Les Signes de Mauvais Augure : Siffler la Nuit et Se Couper les Ongles
Au Japon, siffler la nuit est un tabou, car on dit que cela attire les serpents ou les mauvais esprits. Dans les légendes locales, le sifflement est associé à des créatures surnaturelles et des voleurs, qui seraient attirés par le bruit. Ainsi, siffler la nuit est perçu comme un geste risqué, pouvant causer des troubles ou des présences indésirables dans la maison.
De même, se couper les ongles la nuit est une habitude à proscrire. Cette superstition japonaise est liée à l’idée que couper ses ongles de nuit peut raccourcir la vie et éloigner les êtres chers. Le mot japonais yotsume signifie « ongle de la nuit » et est proche du terme pour désigner la mort. Pour cette raison, même si cela peut sembler anodin pour un visiteur, éviter cette habitude est un signe de respect envers les croyances japonaises.
Les Rituels Funéraires et Leurs Symboles
Les funérailles japonaises sont entourées de rites très codifiés et de superstitions. Par exemple, il est d’usage d’éviter les vêtements rouges lors des cérémonies funéraires, car cette couleur est associée au bonheur et aux célébrations. Dans le contexte funéraire, porter du rouge serait mal vu et interprété comme un manque de respect.
Un autre rituel concerne la transmission de l’encens d’une personne à l’autre pendant la veillée funéraire, un geste réservé aux cérémonies de deuil. Le faire en dehors de ce contexte est considéré comme inapproprié et même malheureux. Cette pratique symbolise le lien entre les vivants et les morts, et rappelle la solennité des cérémonies funéraires au Japon.
La Superstition Autour des Kumade, les Grattoirs à Chance
Les kumade sont des sortes de râteaux décorés, souvent utilisés lors des festivals pour attirer la chance et la prospérité. Ils sont vendus principalement pendant le festival du Tori no Ichi, qui a lieu en novembre. Ces objets symboliques sont censés « ratisser » la chance et la fortune dans votre direction. Les boutiques et entreprises japonaises en possèdent souvent un, car cela est censé apporter succès et croissance.
Ceux qui achètent un kumade sont encouragés à en acheter un chaque année, en prenant un légèrement plus grand à chaque fois pour symboliser la croissance de leur prospérité. Ces objets sont également bénis dans les sanctuaires, soulignant la forte relation entre superstition et spiritualité dans le quotidien japonais.

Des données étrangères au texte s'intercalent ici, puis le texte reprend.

lemma multiplicity_ge_kernel_dim_M_even:
  assumes w: "w > 0" and "n \<le> N" and U: "U \<in> carrier_mat (2 * N) (2 * N)"
    and periodic: "\<forall>j<n. cos (w * l j) = 1 \<and> sin (w * l j) = 0"
    and long: "\<forall>j<n. pi / (2 * w) \<le> l j"
  shows "multiplicity_ge N l U (w\<^sup>2) (kernel_dim (M_even N n U))"
proof -
  define k where "k = kernel_dim (M_even N n U)"
  have "M_even N n U \<in> carrier_mat (2 * N) (2 * n)" by (simp add: M_even_def)
  then obtain b where kernel: "\<And>i. i < k \<Longrightarrow> b i \<in> mat_kernel (M_even N n U)"
    and indpt: "\<And>c i. (\<And>r. r < 2 * n \<Longrightarrow> (\<Sum>i<k. c i * b i $ r) = 0) \<Longrightarrow> i < k \<Longrightarrow> c i = 0"
    unfolding k_def by (blast intro: mat_kernel_indpt_family)
  define \<phi> where "\<phi> i = loop_wave n w (edge_value (($) (b i))) (edge_slope (($) (b i)))" for i
  have "is_eigenfunction N l U (w\<^sup>2) (\<phi> i)" if "i < k" for i
  proof -
    have "b i \<in> carrier_vec (2 * n)" and "M_even N n U *\<^sub>v b i = 0\<^sub>v (2 * N)"
      using kernel that by (auto simp: mat_kernel_def M_even_def)
    moreover from this(1) have "vec (2 * n) (($) (b i)) = b i" by (intro eq_vecI) auto
    ultimately have "M_even N n U *\<^sub>v vec (2 * n) (($) (b i)) = 0\<^sub>v (2 * N)" by simp
    then show ?thesis
      unfolding \<phi>_def using loop_wave_is_eigenfunction[OF _ \<open>n \<le> N\<close> U periodic] w by simp
  qed
  moreover have "\<forall>i<k. c i = 0" if zero: "is_zero_on_graph N l (\<lambda>j x. \<Sum>i<k. c i * \<phi> i j x)" for c
  proof -
    define s where "s r = (\<Sum>i<k. c i * b i $ r)" for r
    have "(\<Sum>i<k. c i * \<phi> i j x) = loop_wave n w (edge_value s) (edge_slope s) j x" for j x
      unfolding \<phi>_def s_def sum_loop_wave edge_value_sum[where g = "\<lambda>i. ($) (b i)"]
        edge_slope_sum[where g = "\<lambda>i. ($) (b i)"] ..
    then have vanish: "loop_wave n w (edge_value s) (edge_slope s) j x = 0" if "j < N" "x \<in> {0..l j}" for j x
      using zero that unfolding is_zero_on_graph_def by simp
    have edge: "s (2 * j) = 0 \<and> s (2 * j + 1) = 0" if j: "j < n" for j
    proof -
      have "0 \<le> pi / (2 * w)" using w by simp
      then have "loop_wave n w (edge_value s) (edge_slope s) j 0 = 0"
        and "loop_wave n w (edge_value s) (edge_slope s) j (pi / (2 * w)) = 0"
        using vanish j long \<open>n \<le> N\<close> by auto
      then have "edge_value s j = 0" and "edge_slope s j = 0"
        using loop_wave_coeffs_eq_0[OF w j] by auto
      then show ?thesis using edge_value_plus_slope[of s j] edge_value_minus_slope[of s j] by simp
    qed
    have "s r = 0" if "r < 2 * n" for r
    proof -
      have "r = 2 * (r div 2) \<or> r = 2 * (r div 2) + 1" by presburger
      then show ?thesis using edge[of "r div 2"] that by auto
    qed
    then show ?thesis using indpt unfolding s_def by blast
  qed
  ultimately show ?thesis unfolding multiplicity_ge_def k_def by blast
qed

lemma multiplicity_ge_imp_is_eigenvalue:
  assumes "multiplicity_ge N l U \<epsilon> k" and "k > 0"
  shows "is_eigenvalue N l U \<epsilon>"
proof -
  obtain \<phi> where eig: "\<forall>i<k. is_eigenfunction N l U \<epsilon> (\<phi> i)"
    and indpt: "\<forall>c. is_zero_on_graph N l (\<lambda>j x. \<Sum>i<k. c i * \<phi> i j x) \<longrightarrow> (\<forall>i<k. c i = 0)"
    using assms(1) unfolding multiplicity_ge_def by blast
  define \<delta> :: "nat \<Rightarrow> complex" where "\<delta> i = (if i = 0 then 1 else 0)" for i
  have comb: "(\<lambda>j x. \<Sum>i<k. \<delta> i * \<phi> i j x) = \<phi> 0"
  proof (intro ext)
    fix j x
    have "(\<Sum>i<k. \<delta> i * \<phi> i j x) = (\<Sum>i<k. if i = 0 then \<phi> 0 j x else 0)"
      by (intro sum.cong) (auto simp: \<delta>_def)
    then show "(\<Sum>i<k. \<delta> i * \<phi> i j x) = \<phi> 0 j x" using assms(2) by simp
  qed
  have "\<not> is_zero_on_graph N l (\<phi> 0)"
  proof
    assume "is_zero_on_graph N l (\<phi> 0)"
    then have "\<forall>i<k. \<delta> i = 0" using indpt unfolding comb[symmetric] by blast
    then have "\<delta> 0 = 0" using assms(2) by blast
    then show False by (simp add: \<delta>_def)
  qed
  then show ?thesis using eig assms(2) unfolding is_eigenvalue_def by blast
qed

lemma commensurable_loop:
  assumes "l0 > 0" and "m \<ge> 1" and "l = real p * l0" and "l > 0"
  defines "w \<equiv> 2 * real m * pi / l0"
  shows "cos (w * l) = 1" and "sin (w * l) = 0" and "pi / (2 * w) \<le> l"
proof -
  have "w * l = 2 * real (m * p) * pi" using assms(1,3) by (simp add: w_def)
  then show "cos (w * l) = 1" and "sin (w * l) = 0" by (metis cos_2npi, metis sin_2npi)
  have "p \<ge> 1" using assms(3,4) by (cases p) auto
  have "pi / (2 * w) = l0 / (4 * real m)" using assms(1) by (simp add: w_def field_simps)
  also have "\<dots> \<le> l0" using assms(1,2) by (simp add: field_simps)
  also have "\<dots> \<le> l" using assms(1,3) \<open>p \<ge> 1\<close> by simp
  finally show "pi / (2 * w) \<le> l" .
qed

theorem theorem1:
  fixes N n :: nat and l :: "nat \<Rightarrow> real" and U :: "complex mat" and l0 :: real
  assumes "1 \<le> n" and "n \<le> N"
    and "\<forall>j<N. l j > 0"
    and "U \<in> carrier_mat (2*N) (2*N)" and "unitary_mat U"
    and "l0 > 0" and "\<forall>j<n. \<exists>p::nat. l j = real p * l0"
    and "vec_space.rank (2*N) (M_even N n U) < 2*n"
  shows "\<forall>m::nat. m \<ge> 1 \<longrightarrow>
           is_eigenvalue N l U (4 * (real m)^2 * pi^2 / l0^2) \<and>
           multiplicity_ge N l U (4 * (real m)^2 * pi^2 / l0^2)
             (2*n - vec_space.rank (2*N) (M_even N n U))"
proof (intro allI impI)
  fix m :: nat assume "m \<ge> 1"
  define w where "w = 2 * real m * pi / l0"
  have "w > 0" using \<open>m \<ge> 1\<close> assms(6) by (simp add: w_def)
  have "cos (w * l j) = 1 \<and> sin (w * l j) = 0" and "pi / (2 * w) \<le> l j" if "j < n" for j
    using commensurable_loop[OF assms(6) \<open>m \<ge> 1\<close>] assms(2,3,7) that unfolding w_def
    by (metis order.strict_trans2)+
  then have "multiplicity_ge N l U (w\<^sup>2) (kernel_dim (M_even N n U))"
    using multiplicity_ge_kernel_dim_M_even[OF \<open>w > 0\<close> assms(2,4)] by blast
  moreover have "kernel_dim (M_even N n U) = 2 * n - vec_space.rank (2 * N) (M_even N n U)"
    using mat_rank_nullity[of "M_even N n U" "2 * N" "2 * n"] by (simp add: M_even_def)
  moreover have "4 * (real m)^2 * pi^2 / l0^2 = w\<^sup>2" by (simp add: w_def power2_eq_square)
  ultimately show "is_eigenvalue N l U (4 * (real m)^2 * pi^2 / l0^2) \<and>
      multiplicity_ge N l U (4 * (real m)^2 * pi^2 / l0^2) (2*n - vec_space.rank (2*N) (M_even N n U))"
    using multiplicity_ge_imp_is_eigenvalue assms(8) by auto
qed

end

Les Superstitions au Service de la Chance
En plus des superstitions de mauvais augure, de nombreux gestes et objets sont censés apporter chance et bonheur. Les talismans omamori, vendus dans les temples et sanctuaires, sont particulièrement populaires. Chaque omamori est conçu pour un besoin spécifique, comme la santé, la réussite aux examens ou la protection en voyage. De plus, toucher le ventre d’une statue de Bouddha est considéré comme un geste de chance, et de nombreux temples mettent en avant cette pratique pour encourager les visiteurs à se connecter à la bonne fortune.

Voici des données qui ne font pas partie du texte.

lemma bessel_inequality:
  assumes phi: "ess_bounded circle_measure phi"
    and C: "AE z in circle_measure. norm (phi z) \<le> C" and S: "finite S"
  shows "(\<Sum>n\<in>S. (norm (fourier phi n))\<^sup>2) \<le> C\<^sup>2"
proof -
  define P where "P = (\<lambda>z. \<Sum>n\<in>S. fourier phi n * z powi n)"
  define \<sigma> where "\<sigma> = (\<Sum>n\<in>S. (norm (fourier phi n))\<^sup>2)"
  have P: "ess_bounded circle_measure P"
    unfolding P_def
    by (intro ess_bounded_sum ess_bounded_mult ess_bounded_const ess_bounded_circle_measure_power_int)
  note partial_sum = circle_inner_fourier_partial_sum[OF phi S, folded P_def \<sigma>_def]
  have "0 \<le> Re (circle_inner (\<lambda>z. phi z - P z) (\<lambda>z. phi z - P z))"
    using phi P by (simp add: Re_circle_inner_self ess_bounded_diff)
  also have "\<dots> = Re (circle_inner phi phi) - 2 * pi * \<sigma>"
    using phi P
    by (simp add: circle_inner_diff_left circle_inner_diff_right ess_bounded_diff partial_sum
        circle_inner_commute[of P phi])
  finally have "2 * pi * \<sigma> \<le> Re (circle_inner phi phi)" by simp
  also have "\<dots> \<le> (\<integral>z. C\<^sup>2 \<partial>circle_measure)"
  proof -
    have "AE z in circle_measure. (norm (phi z))\<^sup>2 \<le> C\<^sup>2"
      using C by eventually_elim (simp add: power_mono)
    with phi show ?thesis
      unfolding Re_circle_inner_self[OF phi]
      by (intro integral_mono_AE circle_measure.integrable_if_ess_bounded)
        (auto simp: ess_bounded_def)
  qed
  finally show ?thesis
    by (simp add: measure_circle_measure_UNIV \<sigma>_def)
qed

lemma eq_0_if_level_set_infinite_and_square_sums_bounded:
  fixes a :: "'a \<Rightarrow> 'b::real_normed_vector"
  assumes bounded: "\<And>S. finite S \<Longrightarrow> (\<Sum>n\<in>S. (norm (a n))\<^sup>2) \<le> B"
    and infinite: "infinite {n. norm (a n) = norm (a x)}"
  shows "a x = 0"
proof (rule ccontr)
  assume "a x \<noteq> 0"
  then have c: "(norm (a x))\<^sup>2 > 0" by simp
  obtain N :: nat where N: "B / (norm (a x))\<^sup>2 < N" using reals_Archimedean2 by blast
  obtain S where S: "finite S" "card S = N" "S \<subseteq> {n. norm (a n) = norm (a x)}"
    using infinite_arbitrarily_large[OF infinite] by blast
  then have "(\<Sum>n\<in>S. (norm (a n))\<^sup>2) = (\<Sum>n\<in>S. (norm (a x))\<^sup>2)"
    by (intro sum.cong) auto
  also have "\<dots> = N * (norm (a x))\<^sup>2" using S by simp
  finally have "(\<Sum>n\<in>S. (norm (a n))\<^sup>2) = N * (norm (a x))\<^sup>2" .
  with bounded[OF \<open>finite S\<close>] N c show False by (simp add: divide_less_eq)
qed

section \<open>Uniqueness of Fourier coefficients\<close>

(* Repeated exponents are allowed, so that products need no regrouping. *)
definition trig_poly :: "(complex \<times> int) list \<Rightarrow> complex \<Rightarrow> complex" where
  "trig_poly cs z = (\<Sum>(c, n)\<leftarrow>cs. c * z powi n)"

lemma trig_poly_Nil [simp]: "trig_poly [] z = 0"
  by (simp add: trig_poly_def)

lemma trig_poly_Cons [simp]: "trig_poly ((c, n) # cs) z = c * z powi n + trig_poly cs z"
  by (simp add: trig_poly_def)

lemma trig_poly_append [simp]: "trig_poly (cs @ ds) z = trig_poly cs z + trig_poly ds z"
  by (simp add: trig_poly_def)

lemma trig_poly_mult:
  assumes "z \<noteq> 0"
  shows "trig_poly [(c * d, n + m). (c, n) \<leftarrow> cs, (d, m) \<leftarrow> ds] z = trig_poly cs z * trig_poly ds z"
proof (induction cs)
  case (Cons cn cs)
  obtain c n where [simp]: "cn = (c, n)" by fastforce
  have "trig_poly [(c * d, n + m). (d, m) \<leftarrow> ds] z = c * z powi n * trig_poly ds z"
    by (induction ds) (auto simp: power_int_add assms algebra_simps)
  with Cons show ?case by (simp add: algebra_simps)
qed simp

lemma real_polynomial_function_on_circle_eq_trig_poly:
  assumes "real_polynomial_function p"
  shows "\<exists>cs. \<forall>z. norm z = 1 \<longrightarrow> complex_of_real (p z) = trig_poly cs z"
  using assms
proof (induction p rule: real_polynomial_function.induct)
  case (linear f)
  have f: "f z = Re z * f 1 + Im z * f \<i>" for z
  proof -
    have "f z = f (Re z *\<^sub>R 1 + Im z *\<^sub>R \<i>)"
      by (rule arg_cong[where f = f]) (simp add: complex_eq_iff)
    also have "\<dots> = Re z * f 1 + Im z * f \<i>"
      using linear.hyps by (simp add: linear_simps)
    finally show ?thesis .
  qed
  define cs where "cs = [((f 1 - \<i> * f \<i>) / 2, 1), ((f 1 + \<i> * f \<i>) / 2, -1::int)]"
  have "complex_of_real (f z) = trig_poly cs z" if "norm z = 1" for z
  proof -
    have "z * cnj z = 1"
      using that complex_norm_square[of z] by simp
    then have "z powi -1 = cnj z"
      by (simp add: power_int_minus inverse_unique)
    then have "trig_poly cs z = (f 1 - \<i> * f \<i>) / 2 * z + (f 1 + \<i> * f \<i>) / 2 * cnj z"
      by (simp add: cs_def)
    also have "\<dots> = f 1 * ((z + cnj z) / 2) + f \<i> * ((z - cnj z) / (2 * \<i>))"
      by (simp add: field_simps)
    also have "\<dots> = complex_of_real (f z)"
      by (simp only: f[of z] of_real_add of_real_mult complex_add_cnj complex_diff_cnj)
        (simp add: field_simps)
    finally show ?thesis ..
  qed
  then show ?case by blast
next
  case (const c)
  show ?case by (rule exI[of _ "[(complex_of_real c, 0)]"]) simp
next
  case (add f g)
  then obtain cs ds where "\<forall>z. norm z = 1 \<longrightarrow> complex_of_real (f z) = trig_poly cs z"
    "\<forall>z. norm z = 1 \<longrightarrow> complex_of_real (g z) = trig_poly ds z" by blast
  then show ?case by (intro exI[of _ "cs @ ds"]) simp
next
  case (mult f g)
  then obtain cs ds where cs: "\<And>z. norm z = 1 \<Longrightarrow> complex_of_real (f z) = trig_poly cs z"
    and ds: "\<And>z. norm z = 1 \<Longrightarrow> complex_of_real (g z) = trig_poly ds z" by blast
  have "complex_of_real (f z * g z) = trig_poly [(c * d, n + m). (c, n) \<leftarrow> cs, (d, m) \<leftarrow> ds] z"
    if "norm z = 1" for z
  proof -
    have "z \<noteq> 0" using that by auto
    then show ?thesis using cs[OF that] ds[OF that] by (simp add: trig_poly_mult)
  qed
  then show ?case by blast
qed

Les ema, de petites plaques de bois où l’on écrit ses souhaits, sont un autre exemple de superstition japonaise axée sur la chance. En écrivant un souhait sur une ema et en la suspendant dans un sanctuaire, les croyants espèrent que leur prière sera exaucée. Cette tradition est visible dans de nombreux temples à travers le Japon et reste l’une des superstitions les plus positives.

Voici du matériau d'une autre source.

lemma segal_map_Suc_Suc:
  "segal_map (Suc (Suc n)) =
   c_cmp C (c_tensor C (c_id C (Xo 1)) (segal_map (Suc n))) (xi 1 (Suc n))"
proof -
  let ?x = "xi 1 (Suc n)"
  let ?p1 = "c_cmp C (c_pr1 C (Xo 1) (Xo (Suc n))) ?x"
  let ?p2 = "c_cmp C (c_pr2 C (Xo 1) (Xo (Suc n))) ?x"
  have head: "Ya 1 (Suc (Suc n)) (beta (Suc (Suc n)) 0) = ?p1"
    using Ya_alpha1[of 1 "Suc n"] by (simp add: alpha1_def beta_def)
  have p2_dom: "c_dom C ?p2 = Xo (Suc (Suc n))"
    by simp
  have "c_cmp C (segal_map (Suc n)) ?p2 =
      c_tuple C (c_dom C ?p2) (\<lambda>j. c_cmp C (Ya 1 (Suc n) (beta (Suc n) j)) ?p2) (Suc n)"
    unfolding segal_map_def Yo_eq_Xo
    by (rule tuple_cmp[OF Ya_dom[OF deltap_map_beta]]) simp_all
  also have "\<dots> =
      c_tuple C (Xo (Suc (Suc n))) (\<lambda>j. Ya 1 (Suc (Suc n)) (beta (Suc (Suc n)) (Suc j))) (Suc n)"
    unfolding p2_dom by (rule tuple_cong) (use Ya_beta_shift[of _ "Suc n" 1] in simp)
  finally have tail: "c_tuple C (Xo (Suc (Suc n)))
      (\<lambda>j. Ya 1 (Suc (Suc n)) (beta (Suc (Suc n)) (Suc j))) (Suc n) = c_cmp C (segal_map (Suc n)) ?p2"
    by simp
  have "segal_map (Suc (Suc n)) = c_pair C (Ya 1 (Suc (Suc n)) (beta (Suc (Suc n)) 0))
      (c_tuple C (Xo (Suc (Suc n))) (\<lambda>j. Ya 1 (Suc (Suc n)) (beta (Suc (Suc n)) (Suc j))) (Suc n))"
    unfolding segal_map_def Yo_eq_Xo by (simp only: c_tuple.simps)
  also have "\<dots> = c_pair C (c_cmp C (c_id C (Xo 1)) ?p1) (c_cmp C (segal_map (Suc n)) ?p2)"
    unfolding head tail by simp
  also have "\<dots> = c_cmp C (c_tensor C (c_id C (Xo 1)) (segal_map (Suc n))) (c_pair C ?p1 ?p2)"
    by (rule tensor_pair[symmetric]) (simp_all add: segal_map_dom)
  also have "c_pair C ?p1 ?p2 = ?x"
    by (rule pair_eta) simp
  finally show ?thesis .
qed

lemma eqv_segal_map: "homotopy_monoid \<Longrightarrow> segal_map n \<in> c_eqv C"
proof (induction n rule: induct_nat_012)
  case 0
  then show ?case by (simp add: segal_map_0 homotopy_monoid_def)
next
  case 1
  show ?case
    unfolding One_nat_def[symmetric] segal_map_1 by (rule eqv_id)
next
  case (ge2 n)
  have "xi 1 (Suc n) \<in> c_eqv C" and "segal_map (Suc n) \<in> c_eqv C"
    using ge2 unfolding homotopy_monoid_def by blast+
  then show ?case
    unfolding segal_map_Suc_Suc by (intro eqv_cmp eqv_tensor eqv_id) (simp_all add: segal_map_dom)
qed

lemma eqv_xi_1_of_eqv_segal_map:
  assumes segal: "\<And>n. segal_map n \<in> c_eqv C"
  shows "xi 1 n \<in> c_eqv C"
proof (cases n)
  case 0
  then show ?thesis
    using eqv_xi_0_right segal[of 0] by (simp add: segal_map_0)
next
  case (Suc k)
  have "c_cmp C (c_tensor C (c_id C (Xo 1)) (segal_map (Suc k))) (xi 1 (Suc k)) \<in> c_eqv C"
    using segal[of "Suc (Suc k)"] by (simp add: segal_map_Suc_Suc)
  then have "xi 1 (Suc k) \<in> c_eqv C"
    by (rule eqv_cancel_left[rotated 2]) (simp_all add: segal_map_dom eqv_tensor eqv_id segal)
  with Suc show ?thesis by simp
qed

lemma homotopy_monoid_iff_eqv_segal_map: "homotopy_monoid \<longleftrightarrow> (\<forall>n. segal_map n \<in> c_eqv C)"
proof
  assume segal: "\<forall>n. segal_map n \<in> c_eqv C"
  show homotopy_monoid
  proof (rule homotopy_monoidI)
    show "xi0 \<in> c_eqv C"
      using segal segal_map_0 by metis
    show "xi 1 n \<in> c_eqv C" for n
      using segal by (intro eqv_xi_1_of_eqv_segal_map) blast
  qed
qed (use eqv_segal_map in blast)

end

theorem proposition3p1p8:
  fixes C :: "('o, 'a, 'z) cmc_scheme"
    and Xo :: "nat \<Rightarrow> 'o" and Xa :: "nat \<Rightarrow> nat \<Rightarrow> (nat \<Rightarrow> nat) \<Rightarrow> 'a"
    and xi :: "nat \<Rightarrow> nat \<Rightarrow> 'a" and xi0 :: "'a"
    and Yo :: "nat \<Rightarrow> 'o" and Ya :: "nat \<Rightarrow> nat \<Rightarrow> (nat \<Rightarrow> nat) \<Rightarrow> 'a"
  assumes "cartesian_with_equivalences C"
    and "colax_monoidal C Xo Xa xi xi0"
    and "deltap_op_functor C Yo Ya"
    and "corresponds C Xo xi Yo Ya"
  shows "((xi0 \<in> c_eqv C \<and> (\<forall>m n. xi m n \<in> c_eqv C))
           \<longleftrightarrow> ((\<forall>m n. c_pair C (Ya m (m + n) (alpha1 m n)) (Ya n (m + n) (alpha2 m n)) \<in> c_eqv C)
                \<and> c_bang C (Yo 0) \<in> c_eqv C))
       \<and> ((xi0 \<in> c_eqv C \<and> (\<forall>m n. xi m n \<in> c_eqv C))
           \<longleftrightarrow> (\<forall>n. c_tuple C (Yo n) (\<lambda>j. Ya 1 n (beta n j)) n \<in> c_eqv C))"
proof -
  interpret colax_delta_correspondence C Xo Xa xi xi0 Yo Ya
    using assms by unfold_locales
  note homotopy_monoid_iff_eqv_pair_alpha
  moreover have "homotopy_monoid \<longleftrightarrow> (\<forall>n. c_tuple C (Yo n) (\<lambda>j. Ya 1 n (beta n j)) n \<in> c_eqv C)"
    using homotopy_monoid_iff_eqv_segal_map unfolding segal_map_def .
  ultimately show ?thesis
    unfolding homotopy_monoid_def by (rule conjI)
qed

end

Les superstitions japonaises sont un mélange fascinant de croyances anciennes, de rites religieux et de symboles culturels. Ces croyances offrent un aperçu unique de la culture japonaise, souvent perçue comme rigoureuse et moderne. Elles montrent aussi l’importance de la spiritualité et des traditions dans le quotidien des Japonais. Lors d’un voyage au Japon, prêter attention à ces superstitions peut enrichir votre expérience et vous aider à mieux comprendre l’âme du pays. Ces pratiques, parfois mystérieuses, parfois amusantes, font partie intégrante de la culture japonaise et permettent aux visiteurs de saisir la subtilité et la profondeur des traditions locales.